Friday, July 6, 2012

tafoni #3

This is the third post in a series about tafoni -- puzzling natural cavities in rock.  You may want to have a look at #1 and #2.
Tafoni at Harmony Headlands State Park near Cayucos, California.
Tafoni are common along the Central Coast of California.  There were some at almost every beach I visited, though rock type and patterns varied.  Tafoni formation frequently is attributed to salt-weathering.  They are common in saline environments such as deserts and coastal zones, but not all coastal rock supports tafoni, and there are tafoni in other environments as well.  Darn.
We found tafoni in a variety of sizes and shapes (click to view the little guys).
Tafoni come and go.  Note the softer lines of disappearing tafoni in the foreground.
Harmony Headlands, nature geeks for scale.  A short trail leads from a parking lot on
Highway 1 to the coast.  Photo courtesy J. G. LoCascio.
Sometimes coastal tafoni are easy to explain.  At least some of the cavities in the photo below are pholad holes, excavated by boring clams (members of the family Pholadidae) aka piddock clams, rock-eating clams or angel wings.  Empty shells still occupy a few of the holes.  The most common pholads of the area, Penitella penita, are thought to bore mainly by scraping with the ridged edges of their shells, sometimes as much as 4-5 cm per year.  Other species resort to chemicals.
Tafoni, some with remains of boring clams, from Hazard Canyon Reef at Montaña de Oro State Park.
The larger holes are ca 3 cm across.
The abodes of boring clams have a distinctive shape -- narrower at the opening, like the darker hole on the right in the photo below.  But are all these tafoni the same thing?  Many of the larger ones widen upward, with concentric rings inside.  Are these remnants of old pholad holes with the narrower upper part removed?  How about the slight depressions scattered around the bigger holes?  Are these incipient tafoni? or their last remains?
Pholad holes are common in some strata of the Monterey Formation at Hazard's.  The area is accessible via the Hazard Canyon Trail in the north part of Montaña de Oro State Park.
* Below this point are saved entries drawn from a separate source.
section \<open>Three-colourable graphs are word-representable\<close>

lemma filter_pair_sorted_list_of_set:
  fixes u v :: "'a::linorder"
  assumes "finite V" "u \<in> V" "v \<in> V" "u \<noteq> v"
  shows "filter (\<lambda>z. Q z \<and> (z = u \<or> z = v)) (sorted_list_of_set V) =
    filter Q (if u < v then [u, v] else [v, u])"
  using assms
  by (intro sorted_distinct_set_unique) (auto intro: sorted_wrt_filter)

locale three_coloured_graph =
  fixes V :: "'a::linorder set" and E :: "'a \<Rightarrow> 'a \<Rightarrow> bool" and col :: "'a \<Rightarrow> nat"
  assumes finite_vertices: "finite V"
    and symmetric: "symp E"
    and colour_range: "v \<in> V \<Longrightarrow> col v < 3"
    and proper: "u \<in> V \<Longrightarrow> v \<in> V \<Longrightarrow> u \<noteq> v \<Longrightarrow> E u v \<Longrightarrow> col u \<noteq> col v"
begin

text \<open>The order on the vertices only serves to list the colour classes.\<close>

definition colour_class :: "nat \<Rightarrow> 'a list" where
  "colour_class k = filter (\<lambda>v. col v = k) (sorted_list_of_set V)"

definition base_block :: "'a list" where
  "base_block = colour_class 2 @ colour_class 0 @ colour_class 1 @
     colour_class 2 @ rev (colour_class 0) @ rev (colour_class 1)"

definition class0_block :: "'a \<Rightarrow> 'a list" where
  "class0_block a = colour_class 2 @ filter (\<lambda>y. y \<noteq> a) (colour_class 0) @
     filter (\<lambda>b. \<not> E a b) (colour_class 1) @ [a] @ filter (E a) (colour_class 1) @
     colour_class 2 @ colour_class 0 @ colour_class 1"

definition class2_block :: "'a \<Rightarrow> 'a list" where
  "class2_block c = filter (\<lambda>y. y \<noteq> c) (colour_class 2) @ filter (\<lambda>a. \<not> E c a) (colour_class 0) @
     [c] @ filter (E c) (colour_class 0) @ filter (E c) (colour_class 1) @
     [c] @ filter (\<lambda>b. \<not> E c b) (colour_class 1) @
     filter (\<lambda>y. y \<noteq> c) (colour_class 2) @ colour_class 0 @ colour_class 1"

text \<open>Restricted to an edge, every block reads \<open>pqpq\<close> for the same \<open>p\<close> and \<open>q\<close> (\<open>p\<close> the
  endpoint of colour 2 if there is one); restricted to a non-edge, some block repeats a letter.\<close>

definition blocks :: "'a list list" where
  "blocks = base_block # map class0_block (colour_class 0) @ map class2_block (colour_class 2)"

lemma mem_colour_class [simp]: "z \<in> set (colour_class k) \<longleftrightarrow> z \<in> V \<and> col z = k"
  using finite_vertices by (simp add: colour_class_def)

lemma set_concat_blocks: "set (concat blocks) = V"
  using colour_range finite_vertices
  by (fastforce simp: blocks_def base_block_def class0_block_def class2_block_def colour_class_def)

lemma filter_pair_colour_class:
  assumes "u \<in> V" "v \<in> V" "u \<noteq> v"
  shows "filter (\<lambda>z. Q z \<and> (z = u \<or> z = v)) (colour_class k) =
    filter (\<lambda>z. col z = k \<and> Q z) (if u < v then [u, v] else [v, u])"
  unfolding colour_class_def filter_filter
  using filter_pair_sorted_list_of_set[OF finite_vertices assms, of "\<lambda>z. col z = k \<and> Q z"]
  by (simp add: conj_assoc)

lemmas filter_pair_blocks_simps =
  filter_pair_colour_class filter_pair_colour_class[where Q = "\<lambda>_. True", simplified]
  rev_filter[symmetric] filter_filter

lemma alternate_if_adjacent:
  assumes "u \<in> V" "v \<in> V" "u \<noteq> v" "E u v" "col u < col v"
  shows "alternate (concat blocks) u v"
proof -
  let ?P = "\<lambda>z. z = u \<or> z = v"
  have "E v u" using assms(4) symmetric by (blast dest: sympD)
  consider "col u = 0" "col v = 1" | "col u < 2" "col v = 2"
    using assms(5) colour_range[OF assms(2)] by linarith
  then have "\<exists>p q. p \<noteq> q \<and> (\<forall>b\<in>set blocks. filter ?P b = [p, q, p, q])"
  proof cases
    case 1
    then show ?thesis using assms \<open>E v u\<close>
      by (intro exI[of _ u] exI[of _ v])
        (auto simp: blocks_def base_block_def class0_block_def class2_block_def filter_pair_blocks_simps)
  next
    case 2
    then show ?thesis using assms \<open>E v u\<close>
      by (intro exI[of _ v] exI[of _ u])
        (auto simp: blocks_def base_block_def class0_block_def class2_block_def filter_pair_blocks_simps)
  qed
  then obtain p q where "p \<noteq> q" "\<forall>b\<in>set blocks. filter ?P b = [p, q, p, q]"
    by blast
  then show ?thesis
    unfolding alternate_iff_successively filter_concat
    by (intro successively_concat_copies[where w = "[p, q, p, q]"]) auto
qed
Did the tafoni on the left start as pholad holes, later enlarged by weathering and erosion?  The regular pattern of irregular shapes, adjacent to fractures, is puzzling.  Whatever the origins, Nature has worked her magic to produce enchanting rock art.


These tafoni are on the rock outcrop on the right edge of the photo below, at Moonstone Beach near Cambria.
A sampling of chert and other pebbles deposited by waves in tafoni at Moonstone Beach; pebbles are ca 0.5-1 cm across.